[Input data Boundary: Start]

text \<open>Given the rows \<open>L\<close> already fixed (\<open>d < k\<close> of them), some nonzero
  \<open>X \<in> L(N)\<close> has Gram-Schmidt vectors (relative to \<open>L\<close>) whose squared lengths multiply to at
  most \<open>block_const \<cdot> N^{-2nd/(k-d)}\<close>: by the projection bound each of them is at most
  \<open>k \<cdot> 2\<delta>\<^sup>2\<close>.  If the Gram-Schmidt vectors of \<open>L\<close> degenerate, any nonzero lattice point
  will do (the final determinant is then zero anyway).\<close>

lemma block_choice:
  fixes n k d N :: nat and B :: "nat \<Rightarrow> complex mat" and L :: "(nat \<Rightarrow> complex) list"
  assumes n: "n \<ge> 1" and dk: "d < k" and N: "N \<ge> 1" and B: "full_rank_lattice_basis n k B"
    and suppL: "\<forall>x\<in>set L. supported k x" and lenL: "length L = d"
  shows "\<exists>X\<in>trunc_lattice n k B N - {0\<^sub>m n k}. ((\<forall>q\<in>set (gram_schmidt k L). sqnorm k q \<noteq> 0) \<longrightarrow>
     (\<Prod>i<n. sqnorm k (gram_schmidt k (row_funs k X @ L) ! i)) \<le>
        block_const n k B * real N powr (- (2 * real n * real d) / (real k - real d)))"
proof (cases "\<forall>q\<in>set (gram_schmidt k L). sqnorm k q \<noteq> 0")
  case False
  define b0 :: "nat \<Rightarrow> int" where "b0 i = (if i = 1 then 1 else 0)" for i
  have "2*k*n \<ge> 1" using n dk by simp
  then have "lat_comb n k (2*k*n) B b0 \<in> trunc_lattice n k B N - {0\<^sub>m n k}"
    using lat_comb_in_trunc_lattice[of k n N b0 B] lat_comb_nonzero[OF B, of b0] N unfolding b0_def by auto
  then show ?thesis using False by blast
next
  case nz: True
  define \<delta> where "\<delta> = 4 * real N * basis_weight n k B * real N powr (- (real (2*k*n) / real (2*n*(k-d))))"
  obtain b where range: "\<forall>i\<in>{1..2*k*n}. - int N \<le> b i \<and> b i \<le> int N" and nonzero: "\<exists>i\<in>{1..2*k*n}. b i \<noteq> 0"
    and small: "\<And>i s. i < n \<Longrightarrow> s \<in> complement_indices k L \<Longrightarrow>
      (cmod (cinner k (row_fun k (lat_comb n k (2*k*n) B b) i) (normalized k (gram_schmidt k (unit_vecs k @ L) ! s))))^2 \<le> 2 * \<delta>^2"
    using lattice_point_small_on_complement[OF n dk N nz lenL] unfolding \<delta>_def by blast
  define X where "X = lat_comb n k (2*k*n) B b"
  have X: "X \<in> trunc_lattice n k B N - {0\<^sub>m n k}"
    using lat_comb_in_trunc_lattice[of k n N b B] lat_comb_nonzero[OF B, of b] range nonzero
    unfolding X_def by auto
  have dimX: "dim_row X = n" unfolding X_def lat_comb_def by simp
  have row_small: "sqnorm k (gram_schmidt k (row_funs k X @ L) ! i) \<le> 2 * real k * \<delta>^2" if i: "i < n" for i
  proof -
    have "sqnorm k (gram_schmidt k (row_funs k X @ L) ! i)
        \<le> (\<Sum>s\<in>complement_indices k L. (cmod (cinner k (row_funs k X ! i) (normalized k (gram_schmidt k (unit_vecs k @ L) ! s))))^2)"
      by (rule gram_schmidt_sqnorm_le_complement[OF suppL row_funs_supported]) (simp add: dimX i)
    also have "\<dots> \<le> (\<Sum>s\<in>complement_indices k L. 2 * \<delta>^2)"
      by (rule sum_mono) (use small[OF i] i dimX in \<open>simp add: X_def\<close>)
    also have "\<dots> \<le> real k * (2 * \<delta>^2)"
      using card_complement_indices[OF nz] by (simp add: mult_right_mono)
    finally show ?thesis by simp
  qed
  have "(\<Prod>i<n. sqnorm k (gram_schmidt k (row_funs k X @ L) ! i)) \<le> (2 * real k * \<delta>^2) ^ n"
    using prod_mono[of "{..<n}" "\<lambda>i. sqnorm k (gram_schmidt k (row_funs k X @ L) ! i)" "\<lambda>_. 2 * real k * \<delta>^2"]
    by (simp add: sqnorm_nonneg row_small)
  also have "\<dots> = block_const n k B * real N powr (- (2 * real n * real d) / (real k - real d))"
    unfolding \<delta>_def block_const_def by (rule block_exponent_calc[OF N dk n])
  finally show ?thesis using X by blast
qed

section \<open>The greedy construction of all blocks\<close>

lemma stack_restrict:
  assumes n: "n \<ge> 1"
  shows "stack U n k (restrict X {1..U}) = stack U n k X"
proof -
  have "a div n + 1 \<in> {1..U}" if "a < U * n" for a
    using that n by (auto simp: less_mult_imp_div_less Suc_leI)
  then show ?thesis unfolding stack_def by (intro eq_matI) auto
qed

lemma decay_le:
  assumes n: "n \<ge> 1" and X: "\<forall>j\<in>{1..U}. X j \<in> trunc_lattice n k (B j) (N j) - {0\<^sub>m n k}"
  shows "decay U n k B N \<le> Re (det (stack U n k X * ctrans (stack U n k X)))"
proof -
  let ?f = "\<lambda>X. Re (det (stack U n k X * ctrans (stack U n k X)))"
  let ?A = "PiE {1..U} (\<lambda>j. trunc_lattice n k (B j) (N j) - {0\<^sub>m n k})"
  let ?S = "{?f X | X. \<forall>j\<in>{1..U}. X j \<in> trunc_lattice n k (B j) (N j) - {0\<^sub>m n k}}"
  have "?S \<subseteq> ?f ` ?A"
  proof
    fix y assume "y \<in> ?S"
    then obtain Y where y: "y = ?f Y" and Y: "\<forall>j\<in>{1..U}. Y j \<in> trunc_lattice n k (B j) (N j) - {0\<^sub>m n k}" by blast
    have "y = ?f (restrict Y {1..U})" unfolding y stack_restrict[OF n] ..
    moreover have "restrict Y {1..U} \<in> ?A" using Y by auto
    ultimately show "y \<in> ?f ` ?A" by blast
  qed
  moreover have "finite (?f ` ?A)"
    by (intro finite_imageI finite_PiE) (auto simp: trunc_lattice_finite)
  ultimately have "finite ?S" by (rule finite_subset)
  moreover have "?f X \<in> ?S" using X by blast
  ultimately show ?thesis unfolding decay_def by (rule Min_le)
qed

text \<open>A selector \<open>h l L\<close> choosing the block of user \<open>l\<close> by \<open>block_choice\<close>, given the
  rows \<open>L\<close> of users \<open>l+1, \<dots>, U\<close>.\<close>

lemma block_selector:
  assumes n: "n \<ge> 1" and k: "k \<ge> U*n" and Bb: "\<forall>j\<in>{1..U}. full_rank_lattice_basis n k (B j)"
    and N: "\<forall>j\<in>{1..U}. N j \<ge> 1"
  obtains h where "\<And>l L. dim_row (h l L) = n"
    and "\<And>l L. l \<in> {1..U} \<Longrightarrow> \<forall>x\<in>set L. supported k x \<Longrightarrow> length L = n*(U-l) \<Longrightarrow>
      h l L \<in> trunc_lattice n k (B l) (N l) - {0\<^sub>m n k} \<and>
      ((\<forall>q\<in>set (gram_schmidt k L). sqnorm k q \<noteq> 0) \<longrightarrow>
        (\<Prod>i<n. sqnorm k (gram_schmidt k (row_funs k (h l L) @ L) ! i)) \<le>
          block_const n k (B l) * real (N l) powr (- (2 * real n * real (n*(U-l))) / (real k - real (n*(U-l)))))"
proof -
  define P where "P l L X \<longleftrightarrow> dim_row X = n \<and>
    (l \<in> {1..U} \<and> (\<forall>x\<in>set L. supported k x) \<and> length L = n*(U-l) \<longrightarrow>
      X \<in> trunc_lattice n k (B l) (N l) - {0\<^sub>m n k} \<and>
      ((\<forall>q\<in>set (gram_schmidt k L). sqnorm k q \<noteq> 0) \<longrightarrow>
        (\<Prod>i<n. sqnorm k (gram_schmidt k (row_funs k X @ L) ! i)) \<le>
          block_const n k (B l) * real (N l) powr (- (2 * real n * real (n*(U-l))) / (real k - real (n*(U-l))))))"
    for l L X
  have "\<exists>X. P l L X" for l L
  proof (cases "l \<in> {1..U} \<and> (\<forall>x\<in>set L. supported k x) \<and> length L = n*(U-l)")
    case True
    have "n*(U-l) < n*U" using True n by auto
    also have "n*U \<le> k" using k by (simp add: mult.commute)
    finally have dk: "n*(U-l) < k" .
    obtain X where "X \<in> trunc_lattice n k (B l) (N l) - {0\<^sub>m n k}"
      "(\<forall>q\<in>set (gram_schmidt k L). sqnorm k q \<noteq> 0) \<longrightarrow>
        (\<Prod>i<n. sqnorm k (gram_schmidt k (row_funs k X @ L) ! i)) \<le>
          block_const n k (B l) * real (N l) powr (- (2 * real n * real (n*(U-l))) / (real k - real (n*(U-l))))"
      using block_choice[OF n dk, of "N l" "B l" L] True N Bb by auto
    then show ?thesis unfolding P_def using trunc_lattice_carrier by blast
  next
    case False
    then have "P l L (0\<^sub>m n k)" unfolding P_def by simp
    then show ?thesis ..
  qed
  then obtain h where "\<And>l L. P l L (h l L)" by metis
  then show ?thesis by (intro that) (auto simp: P_def)
qed

text \<open>The rows of the blocks of users \<open>U-j+1, \<dots>, U\<close> (user \<open>U-j+1\<close> first), the block of
  each user being chosen by \<open>h\<close> from the rows of the later users.\<close>

definition greedy_rows :: "nat \<Rightarrow> nat \<Rightarrow> (nat \<Rightarrow> (nat \<Rightarrow> complex) list \<Rightarrow> complex mat) \<Rightarrow> nat \<Rightarrow> (nat \<Rightarrow> complex) list" where
  "greedy_rows k U h j = rec_nat [] (\<lambda>i R. row_funs k (h (U - i) R) @ R) j"

lemma greedy_rows_0 [simp]: "greedy_rows k U h 0 = []"
  by (simp add: greedy_rows_def)

lemma greedy_rows_Suc [simp]:
  "greedy_rows k U h (Suc j) = row_funs k (h (U - j) (greedy_rows k U h j)) @ greedy_rows k U h j"
  by (simp add: greedy_rows_def)

lemma greedy_rows_length:
  "(\<And>l L. dim_row (h l L) = n) \<Longrightarrow> length (greedy_rows k U h j) = n * j"
  by (induction j) auto

lemma greedy_rows_supported: "\<forall>x\<in>set (greedy_rows k U h j). supported k x"
  by (induction j) (auto simp: row_funs_supported)

lemma greedy_rows_drop:
  assumes hdim: "\<And>l L. dim_row (h l L) = n" and t: "t \<le> j"
  shows "drop (n*t) (greedy_rows k U h j) = greedy_rows k U h (j - t)"
  using t
proof (induction t)
  case (Suc t)
  have "drop (n * Suc t) (greedy_rows k U h j) = drop n (drop (n*t) (greedy_rows k U h j))"
    by (simp add: drop_drop)
  also have "\<dots> = drop n (greedy_rows k U h (Suc (j - Suc t)))"
    using Suc by (simp add: Suc_diff_Suc)
  also have "\<dots> = greedy_rows k U h (j - Suc t)"
    using hdim by simp
  finally show ?case .
qed simp

lemma greedy_rows_block:
  assumes hdim: "\<And>l L. dim_row (h l L) = n" and l: "l < U"
  shows "drop (n*l) (greedy_rows k U h U) =
    row_funs k (h (Suc l) (greedy_rows k U h (U - Suc l))) @ greedy_rows k U h (U - Suc l)"
proof -
  have "U - l = Suc (U - Suc l)" "U - (U - Suc l) = Suc l" using l by simp_all
  then show ?thesis using greedy_rows_drop[OF hdim, where t=l and j=U] l by simp
qed

lemma greedy_rows_stack:
  assumes hdim: "\<And>l L. dim_row (h l L) = n" and n: "n \<ge> 1"
  shows "row_funs k (stack U n k (\<lambda>l. h l (greedy_rows k U h (U - l)))) = greedy_rows k U h U"
proof (rule nth_equalityI)
  let ?R = "greedy_rows k U h"
  let ?M = "stack U n k (\<lambda>l. h l (?R (U - l)))"
  show "length (row_funs k ?M) = length (?R U)"
    using greedy_rows_length[OF hdim] by (simp add: stack_def mult.commute)
  fix a assume "a < length (row_funs k ?M)"
  then have a: "a < U*n" by (simp add: stack_def)
  define q where "q = a div n"
  have q: "q < U" using a n unfolding q_def by (simp add: less_mult_imp_div_less)
  have a_split: "a = n*q + a mod n" unfolding q_def by simp
  have "length (?R U) = n*U" by (rule greedy_rows_length[OF hdim])
  then have "n*q \<le> length (?R U)" using q by simp
  then have "?R U ! a = drop (n*q) (?R U) ! (a mod n)"
    using a_split by simp
  also have "\<dots> = row_fun k (h (Suc q) (?R (U - Suc q))) (a mod n)"
    unfolding greedy_rows_block[OF hdim q] using n hdim by (simp add: nth_append)
  also have "\<dots> = row_fun k ?M a"
    unfolding row_fun_def stack_def q_def using a by auto
  finally show "row_funs k ?M ! a = ?R U ! a" using a by (simp add: stack_def)
qed

lemma prod_lessThan_blocks:
  fixes f :: "nat \<Rightarrow> 'a :: comm_monoid_mult"
  shows "(\<Prod>a<U*n. f a) = (\<Prod>l<U. \<Prod>i<n. f (n*l + i))"
proof -
  have "(\<Prod>i<n. f (n*l + i)) = prod f {l*n..<l*n + n}" for l
    using prod.shift_bounds_nat_ivl[of f 0 "l*n" n] by (simp add: atLeast0LessThan add.commute mult.commute)
  then show ?thesis using prod.nat_group[of f n U] by simp
qed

[Input data Boundary: End]

• Activity
What are the lines, exactly as written above, from the line with "(\<lambda>l. h l (?R" to the line with "(simp add: less_mult_imp_div_less)", both included? Output only those.

• Answer area
  let ?M = "stack U n k (\<lambda>l. h l (?R (U - l)))"
  show "length (row_funs k ?M) = length (?R U)"
    using greedy_rows_length[OF hdim] by (simp add: stack_def mult.commute)
  fix a assume "a < length (row_funs k ?M)"
  then have a: "a < U*n" by (simp add: stack_def)
  define q where "q = a div n"
  have q: "q < U" using a n unfolding q_def by (simp add: less_mult_imp_div_less)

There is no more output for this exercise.